1952 film by Arnold Laven

Without Warning! is a 1952 American film noir crime film directed by Arnold Laven and starring Adam Williams, Meg Randall, and Ed Binns. The film is shot in a semidocumentary style with police procedural voice-over narration in parts. Without Warning! was first released commercially on DVD in 2005.

==Plot==
Carl Martin resides in the Chavez Ravine neighborhood of Los Angeles, California. He makes his living tending gardens. He also murders young blondes with a pair of shears. Despite police efforts, Martin continues waging his killing spree. Detective Lieutenant Pete Hamilton is assigned the case, assisted by Sergeant Don Ward. They thumb through official files, putting together a list of recent unsolved cases. The victims were all blonde women. They met their deaths around the end of various months. Since it is now the end of the next month, the detectives anticipate another killing. And they are correct. But this time, the elusive murderer is identified by multiple witnesses, including two motorcycle officers. Yet they remember very little regarding the suspect's physical appearance. One officer was knocked out from behind; the other was wounded while chasing the fleeing suspect.
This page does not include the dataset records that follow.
(* Any two countable metric spaces that satisfy the almost extension property are almost isometric.
   Context: For $\lambda>1$, an injection $f$ is $\lambda$-bi-Lipschitz if for all distinct $a,b$ in its domain $d(f(a),f(b))<\lambda d(a,b)$ and $d(a,b)<\lambda d(f(a),f(b))$. A metric space $X$ has the almost extension property if for every finite metric space $F=\{x_0,\dots,x_{n-1},x_n\}$ and every $\lambda>1$, every $\lambda$-bi-Lipschitz map $f:\{x_0,\dots,x_{n-1}\}\to X$ extends to a $\lambda$-bi-Lipschitz map $\hat f:F\to X$. Two metric spaces $X,Y$ are almost isometric if for every $\lambda>1$ there is a $\lambda$-bi-Lipschitz bijection from $X$ onto $Y$. *)

theory Defs
  imports "HOL-Analysis.Analysis"
begin

definition bilip :: "real \<Rightarrow> ('a \<Rightarrow> 'a \<Rightarrow> real) \<Rightarrow> ('b \<Rightarrow> 'b \<Rightarrow> real)
    \<Rightarrow> 'a set \<Rightarrow> 'b set \<Rightarrow> ('a \<Rightarrow> 'b) \<Rightarrow> bool" where
  "bilip lam dA dB A B f \<longleftrightarrow>
     f ` A \<subseteq> B \<and> inj_on f A \<and>
     (\<forall>a\<in>A. \<forall>b\<in>A. a \<noteq> b \<longrightarrow>
        dB (f a) (f b) < lam * dA a b \<and> dA a b < lam * dB (f a) (f b))"

text \<open>A finite metric space F = {x_0,...,x_n} is represented,
  up to isometry, as a metric dF on the index set {0..n}; the partial map is defined on
  {0..<n} = {x_0,...,x_(n-1)}.\<close>
definition almost_extension_property :: "'a set \<Rightarrow> ('a \<Rightarrow> 'a \<Rightarrow> real) \<Rightarrow> bool" where
  "almost_extension_property X dX \<longleftrightarrow>
     (\<forall>(n::nat) (dF :: nat \<Rightarrow> nat \<Rightarrow> real) (lam::real) (f :: nat \<Rightarrow> 'a).
        Metric_space {0..n} dF \<and> lam > 1 \<and> bilip lam dF dX {0..<n} X f \<longrightarrow>
        (\<exists>g. bilip lam dF dX {0..n} X g \<and> (\<forall>i<n. g i = f i)))"

definition almost_isometric :: "'a set \<Rightarrow> ('a \<Rightarrow> 'a \<Rightarrow> real) \<Rightarrow> 'b set \<Rightarrow> ('b \<Rightarrow> 'b \<Rightarrow> real) \<Rightarrow> bool" where
  "almost_isometric X dX Y dY \<longleftrightarrow>
     (\<forall>lam::real. lam > 1 \<longrightarrow> (\<exists>f. bilip lam dX dY X Y f \<and> bij_betw f X Y))"

end

theory Submission
  imports Defs
begin

(* Back and forth. Fix lam > 1 and call a finite relation between X and Y good if it is the graph
   of a lam-bi-Lipschitz injection. The almost extension property of Y extends a good relation to
   any further point of X; applied to the converse relation, that of X extends it to any further
   point of Y. Alternately adding the k-th points of enumerations of X and Y gives an increasing
   chain of good relations whose union is the graph of a bijection X -> Y. This bijection is
   lam-bi-Lipschitz because the defining strict inequalities involve only two pairs at a time,
   and any two pairs already lie in a common stage of the chain. *)

lemma countable_back_and_forth:
  fixes good :: "('a \<times> 'b) set \<Rightarrow> bool"
  assumes "countable X" and "countable Y" and "X \<noteq> {}" and "Y \<noteq> {}" and "good {}"
    and extend_Domain: "\<And>P x. good P \<Longrightarrow> x \<in> X \<Longrightarrow> \<exists>Q. P \<subseteq> Q \<and> good Q \<and> x \<in> Domain Q"
    and extend_Range: "\<And>P y. good P \<Longrightarrow> y \<in> Y \<Longrightarrow> \<exists>Q. P \<subseteq> Q \<and> good Q \<and> y \<in> Range Q"
  shows "\<exists>C. incseq C \<and> (\<forall>k. good (C k)) \<and> X \<subseteq> Domain (\<Union>k. C k) \<and> Y \<subseteq> Range (\<Union>k. C k)"
proof -
  define F where "F P x = (SOME Q. P \<subseteq> Q \<and> good Q \<and> x \<in> Domain Q)" for P x
  define B where "B P y = (SOME Q. P \<subseteq> Q \<and> good Q \<and> y \<in> Range Q)" for P y
  have F: "P \<subseteq> F P x \<and> good (F P x) \<and> x \<in> Domain (F P x)" if "good P" "x \<in> X" for P x
    unfolding F_def using someI_ex[OF extend_Domain[OF that]] .
  have B: "P \<subseteq> B P y \<and> good (B P y) \<and> y \<in> Range (B P y)" if "good P" "y \<in> Y" for P y
    unfolding B_def using someI_ex[OF extend_Range[OF that]] .
  define C where "C = rec_nat {} (\<lambda>k P. B (F P (from_nat_into X k)) (from_nat_into Y k))"
  have C_0: "C 0 = {}"
    by (simp add: C_def)
  have C_Suc: "C (Suc k) = B (F (C k) (from_nat_into X k)) (from_nat_into Y k)" for k
    by (simp add: C_def)
  have step: "good (C (Suc k)) \<and> C k \<subseteq> C (Suc k) \<and>
      from_nat_into X k \<in> Domain (C (Suc k)) \<and> from_nat_into Y k \<in> Range (C (Suc k))"
    if "good (C k)" for k
  proof -
    let ?Q = "F (C k) (from_nat_into X k)"
    have Q: "C k \<subseteq> ?Q" "good ?Q" "from_nat_into X k \<in> Domain ?Q"
      using F[OF that from_nat_into[OF assms(3)]] by auto
    have "?Q \<subseteq> C (Suc k)" "good (C (Suc k))" "from_nat_into Y k \<in> Range (C (Suc k))"
      unfolding C_Suc using B[OF Q(2) from_nat_into[OF assms(4)]] by auto
    with Q show ?thesis
      by blast
  qed
  have good_C: "good (C k)" for k
    by (induction k) (use C_0 assms(5) step in auto)
  have "incseq C"
    using step[OF good_C] by (intro incseq_SucI) blast
  moreover have cover: "from_nat_into X k \<in> Domain (\<Union>k. C k)" "from_nat_into Y k \<in> Range (\<Union>k. C k)"
    for k
    using step[OF good_C, of k] by blast+
  have "X \<subseteq> Domain (\<Union>k. C k)"
    using cover(1) from_nat_into_surj[OF assms(1)] by (metis subsetI)
  moreover have "Y \<subseteq> Range (\<Union>k. C k)"
    using cover(2) from_nat_into_surj[OF assms(2)] by (metis subsetI)
  ultimately show ?thesis
    using good_C by blast
qed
Afterwards, Martin returns to his residence, a shack on a hill overlooking Chavez Ravine. He feels lucky that the police know little about his identity. In the days that come, it will take the death of one additional woman plus the manhandling of another before Hamilton and Ward are able to nail Martin.

==Cast==
- Adam Williams as Carl Martin
- Meg Randall as Jane Saunders
- Ed Binns as Lt. Pete Hamilton
- Harlan Warde as Police Detective Sgt. Don Warde
- John Maxwell as Fred Saunders
- Angela Stevens as Janet Collier (Blonde)
- Byron Kane as Police Chemist Charlie Wilkins
- Charles Tannen as Wolf
- Marilee Phelps as Virginia
- Robert Foulk as Wilson, Motel Manager
- Connie Vera as Carmelita
- Robert Shayne as Dr. Werner, Police Psychiatrist
- Lee Phelps as "Doc," the Police Coroner
- Arthur Gardner (movie's co-producer) as Jackson, Rapid Transit Cab Co. Driver

==Production==
Without Warning! was the first film produced by Allart Pictures, an independent company formed by producers Jules V. Levy and Arthur Gardner and director Arnold Laven. The three had met while serving in the First Motion Picture Unit of the United States Army Air Forces during World War II and discussed forming a production company after the war. Financing was provided by investor Josef Auerbach.
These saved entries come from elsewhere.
(* For every $\Delta\in(0,1)$, if $N\ge164k^2\ln(4R/\Delta)+\frac{100\ln(2/\Delta)}{1-\tau}$, then with probability at least $1-\Delta$, $1-\widehat\tau\ge\frac{1-\tau}{8}$.
   Context: Let $R\ge 2$ be an integer and $\rho=(\rho_1,\dots,\rho_R)$ a probability vector with $\rho_r>0$ for all $r$. Let $Y_1,\dots,Y_N$ be i.i.d. labels with $\mathbb P(Y_j=r)=\rho_r$, $N_r=|\{j:Y_j=r\}|$, $\widehat\rho_r=N_r/N$. Fix an integer $k\ge1$. Set $\tau:=1-\sum_{r}\rho_r(1-\rho_r)^k$ and $\widehat\tau:=1-\sum_r\widehat\rho_r(1-\widehat\rho_r)^k$. *)

theory Defs
  imports "HOL-Probability.Probability"
begin

text \<open>Labels take values in {1..R}; their common law is the pmf p, so rho r = pmf p r.\<close>

definition tau :: "nat pmf \<Rightarrow> nat \<Rightarrow> nat \<Rightarrow> real" where
  "tau p R k = 1 - (\<Sum>r\<in>{1..R}. pmf p r * (1 - pmf p r) ^ k)"

definition rho_hat :: "nat \<Rightarrow> (nat \<Rightarrow> nat) \<Rightarrow> nat \<Rightarrow> real" where
  "rho_hat N Y r = real (card {j \<in> {..<N}. Y j = r}) / real N"

definition tau_hat :: "nat \<Rightarrow> nat \<Rightarrow> nat \<Rightarrow> (nat \<Rightarrow> nat) \<Rightarrow> real" where
  "tau_hat N R k Y = 1 - (\<Sum>r\<in>{1..R}. rho_hat N Y r * (1 - rho_hat N Y r) ^ k)"

end

theory Submission
  imports Defs
begin

text \<open>Call a label light if \<open>\<rho>\<^sub>r \<le> 1/2\<close>. At most one label is heavy, and the light labels carry
  at least a third of \<open>1 - \<tau> = \<Sum>\<^sub>r \<rho>\<^sub>r (1 - \<rho>\<^sub>r)^k\<close>. Chernoff bounds for the i.i.d. sample show that,
  with \<open>t = sqrt (2 ln (4R/\<Delta>) / N)\<close>, outside an event of probability at most \<open>\<Delta>/2\<close> every light label
  has \<open>rho_hat r \<le> \<rho>\<^sub>r + t\<close> and the empirical light weight \<open>\<Sum>\<^sub>r rho_hat r (1 - \<rho>\<^sub>r)^k\<close> is at least
  half its mean. On that event Bernoulli's inequality gives
  \<open>(1 - rho_hat r)^k \<ge> (1 - 2kt) (1 - \<rho>\<^sub>r)^k \<ge> 3/4 (1 - \<rho>\<^sub>r)^k\<close>, hence
  \<open>1 - tau_hat \<ge> 3/4 \<cdot> 1/2 \<cdot> (1 - \<tau>)/3 = (1 - \<tau>)/8\<close>.\<close>

lemma integrable_measure_pmf_bounded:
  fixes f :: "'a \<Rightarrow> real"
  assumes "\<And>x. \<bar>f x\<bar> \<le> B"
  shows "integrable (measure_pmf p) f"
  by (rule measure_pmf.integrable_const_bound[where B = B]) (use assms in auto)

lemma exp_mult_le_chord:
  fixes l x :: real
  assumes "0 \<le> x" "x \<le> 1"
  shows "exp (l * x) \<le> 1 + x * (exp l - 1)"
proof -
  have "exp ((1 - x) *\<^sub>R 0 + x *\<^sub>R l) \<le> (1 - x) * exp 0 + x * exp l"
    by (rule convex_onD[OF exp_convex]) (use assms in auto)
  thus ?thesis by (simp add: algebra_simps)
qed

lemma mult_le_abs_mult_bound:
  fixes l x c :: real
  assumes "0 \<le> x" "x \<le> c"
  shows "l * x \<le> \<bar>l\<bar> * c"
proof -
  have "l * x \<le> \<bar>l\<bar> * x" using assms by (intro mult_right_mono) auto
  also have "\<dots> \<le> \<bar>l\<bar> * c" using assms by (intro mult_left_mono) auto
  finally show ?thesis .
qed

lemma expectation_exp_mult_le:
  fixes g :: "'a \<Rightarrow> real"
  assumes g01: "\<And>x. 0 \<le> g x \<and> g x \<le> 1"
  shows "measure_pmf.expectation p (\<lambda>x. exp (l * g x))
           \<le> exp (measure_pmf.expectation p g * (exp l - 1))"
proof -
  have int_g: "integrable p g"
    by (rule integrable_measure_pmf_bounded[where B = 1]) (use g01 in auto)
  have int_exp: "integrable p (\<lambda>x. exp (l * g x))"
    by (rule integrable_measure_pmf_bounded[where B = "exp \<bar>l\<bar>"])
       (use g01 mult_le_abs_mult_bound[where c = 1] in fastforce)
  have "measure_pmf.expectation p (\<lambda>x. exp (l * g x))
          \<le> measure_pmf.expectation p (\<lambda>x. 1 + g x * (exp l - 1))"
    by (intro integral_mono int_exp exp_mult_le_chord) (use g01 int_g in auto)
  also have "\<dots> = 1 + measure_pmf.expectation p g * (exp l - 1)"
    using int_g by simp
  also have "\<dots> \<le> exp (measure_pmf.expectation p g * (exp l - 1))"
    by (rule exp_ge_add_one_self)
  finally show ?thesis .
qed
William Raynor wrote the story and screenplay. The film's working titles included The Frightened City, The Ripper and The Slasher. The Motion Picture Association of America rejected The Ripper because of its association with Jack the Ripper. Columbia Pictures then objected to The Slasher because of its similarity to the title of Columbia's film The Sniper.
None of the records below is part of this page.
(* Let $k$ be a positive integer and $n_0,\ldots,n_{k-1}$ positive integers, with indices read modulo $k$. For each $j\in\{0,\ldots,k-1\}$ let $A^{(j)}$ be a real $n_j\times n_{j+1}$ matrix, and let $A=A^{(0)}A^{(1)}\cdots A^{(k-1)}$ (an $n_0\times n_0$ matrix). If the signed digraph $G=G_{A^{(0)}\cdots A^{(k-1)}}$ is e-cycle-free, then $A$ is a $P_0$-matrix.
   Context: Indices $j$ are taken modulo $k$ (so $n_k=n_0$ and $A^{(k-1)}$ is $n_{k-1}\times n_0$). The signed digraph $G=G_{A^{(0)}\cdots A^{(k-1)}}$ has vertex set the disjoint union of sets $V_0,\ldots,V_{k-1}$ with $V_j=\{V_j^1,\ldots,V_j^{n_j}\}$; there is a directed edge from $V_j^r$ to $V_{j+1}^s$ if and only if $(A^{(j)})_{rs}\neq 0$, and this edge has sign equal to the sign of $(A^{(j)})_{rs}$; there are no other edges (when $k=1$ this means an edge from $V_0^r$ to $V_0^s$, possibly a loop, iff $(A^{(0)})_{rs}\ne 0$). Every directed cycle in $G$ has length a multiple of $k$. A directed cycle with $kr_1$ edges, of which $r_2$ are negative, is an e-cycle if $(-1)^{r_1+r_2}=1$ and an o-cycle otherwise. $G$ is e-cycle-free if it contains no e-cycle. A $P_0$-matrix is a real square matrix all of whose principal minors are nonnegative. *)

theory Defs
  imports "Jordan_Normal_Form.Determinant" "Jordan_Normal_Form.DL_Submatrix"
begin

definition P0_matrix :: "real mat \<Rightarrow> bool" where
  "P0_matrix A \<longleftrightarrow> A \<in> carrier_mat (dim_row A) (dim_row A) \<and>
     (\<forall>I. I \<subseteq> {0..<dim_row A} \<longrightarrow> det (submatrix A I I) \<ge> 0)"

definition cyclic_chain :: "real mat list \<Rightarrow> bool" where
  "cyclic_chain As \<longleftrightarrow> length As \<ge> 1 \<and>
     (\<forall>j < length As. dim_row (As ! j) > 0 \<and>
        dim_col (As ! j) = dim_row (As ! ((j + 1) mod length As)))"

text \<open>Vertices of the signed digraph: pairs (j, r) standing for V_j^r, j < k, r < n_j.\<close>
definition sd_vertex :: "real mat list \<Rightarrow> nat \<times> nat \<Rightarrow> bool" where
  "sd_vertex As v \<longleftrightarrow> fst v < length As \<and> snd v < dim_row (As ! fst v)"

definition sd_weight :: "real mat list \<Rightarrow> nat \<times> nat \<Rightarrow> nat \<times> nat \<Rightarrow> real" where
  "sd_weight As v w = (As ! fst v) $$ (snd v, snd w)"

definition sd_edge :: "real mat list \<Rightarrow> nat \<times> nat \<Rightarrow> nat \<times> nat \<Rightarrow> bool" where
  "sd_edge As v w \<longleftrightarrow> sd_vertex As v \<and> sd_vertex As w \<and>
     fst w = (fst v + 1) mod length As \<and> sd_weight As v w \<noteq> 0"

definition sd_cycle :: "real mat list \<Rightarrow> (nat \<times> nat) list \<Rightarrow> bool" where
  "sd_cycle As vs \<longleftrightarrow> vs \<noteq> [] \<and> distinct vs \<and>
     (\<forall>i < length vs. sd_edge As (vs ! i) (vs ! ((i + 1) mod length vs)))"

definition sd_neg_edges :: "real mat list \<Rightarrow> (nat \<times> nat) list \<Rightarrow> nat" where
  "sd_neg_edges As vs = card {i. i < length vs \<and>
      sd_weight As (vs ! i) (vs ! ((i + 1) mod length vs)) < 0}"

text \<open>e-cycle: k r1 edges, r2 negative, (-1)^(r1+r2) = 1.\<close>
definition e_cycle :: "real mat list \<Rightarrow> (nat \<times> nat) list \<Rightarrow> bool" where
  "e_cycle As vs \<longleftrightarrow> sd_cycle As vs \<and>
     (-1::int) ^ (length vs div length As + sd_neg_edges As vs) = 1"

definition e_cycle_free :: "real mat list \<Rightarrow> bool" where
  "e_cycle_free As \<longleftrightarrow> \<not> (\<exists>vs. e_cycle As vs)"

end

(* For I a set of row indices, the principal submatrix A[I,I] is again a cyclic product
   B_0 ... B_(k-1): restrict the rows of A^(0) and the columns of A^(k-1) to I. The signed
   digraph of the B_j embeds into G, so it is e-cycle-free too, and it suffices to prove
   det (B_0 ... B_(k-1)) >= 0.

   Let M be the block matrix with blocks -B_j in positions (j, j+1 mod k), identity blocks on
   the diagonal except a zero block in position (0, 0), and zero blocks elsewhere. Taking Schur
   complements of the identity blocks one at a time gives det (B_0 ... B_(k-1)) = (-1)^|I| det M.
   In the Leibniz expansion of (-1)^|I| det M every permutation splits into cycles. A cycle with
   nonzero product is either a fixed point in an identity block, contributing 1, or it runs
   through the blocks cyclically and is a directed cycle of the signed digraph with k r_1 edges,
   r_2 of them negative, which visits block 0 exactly r_1 times. Such a cycle contributes
   -(-1)^(r_1 + r_2) times a positive number, and this is nonnegative because the digraph has
   no e-cycles. So every Leibniz term of (-1)^|I| det M is nonnegative. *)

theory Submission
  imports Defs "HOL-Combinatorics.Cycles"
begin

section \<open>Leibniz terms via cycle decomposition\<close>

lemma sign_cycle_of_list:
  "distinct cs \<Longrightarrow> sign (cycle_of_list cs) = (-1) ^ (length cs - 1)"
proof (induction cs rule: cycle_of_list.induct)
  case (1 i j cs)
  have "sign (cycle_of_list (i # j # cs)) = sign (transpose i j) * sign (cycle_of_list (j # cs))"
    by (simp add: sign_compose permutation_swap_id permutation_of_cycle)
  also have "\<dots> = - ((-1) ^ (length (j # cs) - 1))"
    using 1 by (simp add: sign_swap_id)
  finally show ?case by (simp add: o_def)
qed auto

lemma support_nth_step:
  assumes "permutation p" and "i < least_power p a"
  shows "p (support p a ! i) = support p a ! ((i + 1) mod least_power p a)"
proof (cases "i + 1 = least_power p a")
  case True
  then have "p ((p ^^ i) a) = a"
    using least_power_of_permutation(1)[OF assms(1)] by (metis funpow.simps(2) o_apply Suc_eq_plus1)
  with True assms(2) show ?thesis by simp
qed (use assms(2) in simp)

lemma prod_set_distinct_nth:
  "distinct cs \<Longrightarrow> (\<Prod>x\<in>set cs. f x) = (\<Prod>i<length cs. f (cs ! i))"
proof -
  assume "distinct cs"
  then have "bij_betw ((!) cs) {..<length cs} (set cs)"
    by (intro bij_betw_nth) auto
  then show ?thesis by (simp add: prod.reindex_bij_betw)
qed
Principal photography took place from October 4 through late October 1951 at Goldwyn Studios and on location in Los Angeles. Locations included the Los Angeles County Sheriff's Office, the county coroner's laboratory, Chavez Ravine and the interchange between the Hollywood Freeway and Harbor Freeway. Laven later said the film's emphasis on police procedures was modeled in part on He Walked by Night (1948), on which he had worked as a script supervisor.

The production was completed on a 15-day principal-photography schedule, followed by three days of second-unit filming. Contemporary columnist Hedda Hopper reported that the picture cost less than $100,000. Allart announced plans to make additional films, but Without Warning! was its only production under that company name. Levy, Gardner and Laven continued their partnership on later films and television programs.

Producer Sol Lesser acquired an interest in the completed film and arranged for United Artists to distribute it.

==Release==
United Artists scheduled Without Warning! as one of three films it planned to release during May 1952. The film opened in the United States on May 8, 1952. Its copyright was registered to Allart Pictures on the same date.

===Home media===
The film was believed unavailable for many years before a surviving print was located and prepared for home-video release. MPI Home Video released it on DVD through its Dark Sky Films label on August 30, 2005. The disc presented the film in its original black-and-white, full-frame format and included a gallery of advertising material.

==Reception==
A contemporary review in Variety described the film as a case history of a sex killer and considered it suitable for exploitation bookings, though otherwise a grim supporting feature.

In a retrospective review, Glenn Erickson of DVD Talk called the film a memorable example of an independently produced crime thriller. He praised its screenplay and direction, compared it favorably with The Sniper, and wrote that it presented one of the period's more credible portrayals of a psychopathic killer. Erickson also noted the film's use of Los Angeles locations, including the freeway interchange and Chavez Ravine, but found its voice-over narration indebted to the television series Dragnet.

TV Guide rated the film two out of five stars and described it as a capable first feature by its production team, made with a cast of unknown actors.